A certain similarity between these predictions and the naive prognostication of Golden Age sci-fi struck me; not in substance per se, but in the general tone and in the timeline of progress. Back then, everyone expected atomic rocketships to travel to other planets within a few decades. Nuclear power would provide unlimited founts of motive energy to households and industry. We'd colonize the Solar System. Robots would gain human intelligence and do all our work for us. Psychology would unlock every dark mystery of the human mind and we would know ourselves as man had never known himself before. And hey, I'm using "man" and "himself" deliberately to make a point, so don't jump all over me about it. Think about the role of women in those stories.

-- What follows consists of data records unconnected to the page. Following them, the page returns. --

(* Let $G$ be a graph with a pendant vertex $p$, let $v$ be the neighbor of $p$, and let $G'$ be the subgraph of $G$ induced by $V(G)\setminus\{p,v\}$. (1) $G$ is $A$-AW if and only if $G'$ is $A$-AW. (2) Let $r$ be the smallest positive integer such that $T_{V(G)}^{A(G)}(r)\ne\emptyset$, and let $t\in T_{V(G)}^{A(G)}(r)$. Then $\overline{G}$ is $N$-AW if and only if both of the following hold: (a) for every labeling $\pi$ of $V(G)$ there exists $s\in\mathbb{Z}_\ell$ such that the labeling $\pi_s$ is winnable in the adjacency Lights Out game on $G$; (b) for every $z\in\mathbb{Z}_\ell$ there exists $q\in T_{V(G)}^{A(G)}(0)$ such that the congruence $(r+t)x\equiv z+q \pmod{\ell}$ has a solution $x$.
   Context: All graphs are finite and simple; $\overline{G}$ is the complement. Fix an integer $\ell\ge2$; labelings are maps $V(G)\to\mathbb{Z}_\ell$. In the neighborhood Lights Out game, toggling a vertex $w$ adds $1$ (mod $\ell$) to the label of each vertex of the closed neighborhood $N[w]$; in the adjacency Lights Out game, toggling $w$ adds $1$ to the label of each vertex of the open neighborhood $N(w)$. A game is won when all labels are $0$; a labeling is winnable if the game starting from it can be won. A graph is $N$-AW (resp. $A$-AW) if every labeling is winnable in the neighborhood (resp. adjacency) game. For a labeling $\pi$ and $s\in\mathbb{Z}_\ell$, $\pi_s$ is the labeling $\pi_s(w)=\pi(w)+s$ for all $w$. For $U\subseteq V(G)$ and $r\in\mathbb{Z}_\ell$, the set of toggling numbers $T_U^{A(G)}(r)\subseteq\mathbb{Z}_\ell$ consists of all $t$ such that the adjacency game on $G$ starting from the labeling that is $r$ on $U$ and $0$ elsewhere can be won by a sequence of toggles in which the vertices of $U$ are toggled a total of $t$ times (mod $\ell$). *)

theory Defs
  imports Main "HOL-Number_Theory.Cong"
begin
lemma card_prod_cell_ratio:
  assumes "Cs \<in> cp_verts n P" "Ds \<in> cp_verts n P" "k < n"
    and agree: "\<forall>j<n. j \<noteq> k \<longrightarrow> Cs ! j = Ds ! j"
  shows "real (card (prod_cell n Cs)) / card (prod_cell n Ds) = card (Cs ! k) / card (Ds ! k)"
proof -
  have card: "card (prod_cell n Es) = card (Es ! k) * (\<Prod>j\<in>{..<n} - {k}. card (Es ! j))"
    if "Es \<in> cp_verts n P" for Es
  proof -
    have "card (prod_cell n Es) = (\<Prod>j<n. card (Es ! j))"
      unfolding prod_cell_eq_cp_verts
      by (rule card_cp_verts) (use that cell_of_P(1) in \<open>auto simp: cp_verts_def\<close>)
    then show ?thesis using assms(3) by (simp add: prod.remove)
  qed
  have "(\<Prod>j\<in>{..<n} - {k}. card (Ds ! j)) = (\<Prod>j\<in>{..<n} - {k}. card (Cs ! j))"
    using agree by (intro prod.cong) auto
  moreover have "(\<Prod>j\<in>{..<n} - {k}. card (Cs ! j)) > 0"
    using assms(1) cell_of_P(3) by (intro prod_pos) (auto simp: cp_verts_def)
  ultimately show ?thesis using card[OF assms(1)] card[OF assms(2)] by simp
qed

lemma qadj_prod_cell:
  assumes "Cs \<in> cp_verts n P" "Ds \<in> cp_verts n P"
  shows "cp_adj n (\<lambda>k. qadj (A k)) Cs Ds = qadj (cp_adj n A) (prod_cell n Cs) (prod_cell n Ds)"
proof -
  have "qadj (cp_adj n A) (prod_cell n Cs) (prod_cell n Ds)
      = sqrt (card (prod_cell n Cs) / card (prod_cell n Ds)) * cp_adj n (\<lambda>k. cell_degree (A k)) Cs Ds"
    by (simp add: qadj_eq_cell_degree cell_degree_prod_cell[OF assms])
  also have "\<dots> = cp_adj n (\<lambda>k. qadj (A k)) Cs Ds"
    unfolding cp_adj_def sum_distrib_left
    by (intro sum.cong refl) (auto simp: qadj_eq_cell_degree card_prod_cell_ratio[OF assms])
  finally show ?thesis ..
qed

We all know how that vision turned out. NASA will retire the shuttles soon. The disaster in Japan illustrates one of the pitfalls of using nuclear power. The long-running battles over where to store nuclear waste provides another. We have not unlocked the secrets of fusion. Computers have made amazing advances, but they do not possess self-awareness and do not walk the earth. We understand more about the human mind, but have hardly plumbed all its mysteries.

I'm no Luddite. Scientific advances will make the world better in the long run. But the 20th century did not bring what the Golden Age gurus promised, and we should all keep that fact firmly in mind. Science did not magically solve all of our problems.

So let's get back to the Singularity. Will it happen?

My thought is that, just as past predictions of Golden Age writers turned out to be too optimistic, so will current predictions turn out to overestimate progress. And while trying to climb ever upwards, what happens if we fall?

Think of the threat of nuclear war. Imagine what would happen if worldwide climate shifts wreck economies and cause starving billions to riot and tear civilization apart. Consider the idea of a giant asteroid striking the earth and throwing us back into another Ice Age. We could enter a period of stagnation and decline and despair. Pick your favorite Dystopia. You've read plenty of sci-fi stories about grim futures, both here at QM and elsewhere.

If nothing else, the deep indebtedness of advanced societies could slow down scientific research and development in the near future, even if we don't experience some kind of world-ending disaster.

I don't know what we'll face decades down the road. Perhaps we will all become near-immortal gods as the Singularity theorists predict. Or perhaps, more chillingly, a small elite will use science to take on that role, and rule over the rest of us peasants with "magic". Plenty of sci-fi stories explore that future, too. The only thing I can say for sure is that no one in the past predicted the future very well. We find ourselves in a future less glamorous than their dreams, and more hopeful than their nightmares. Reality is like that. It's not pure comedy or tragedy, Utopia or Dystopia. It falls somewhere in between.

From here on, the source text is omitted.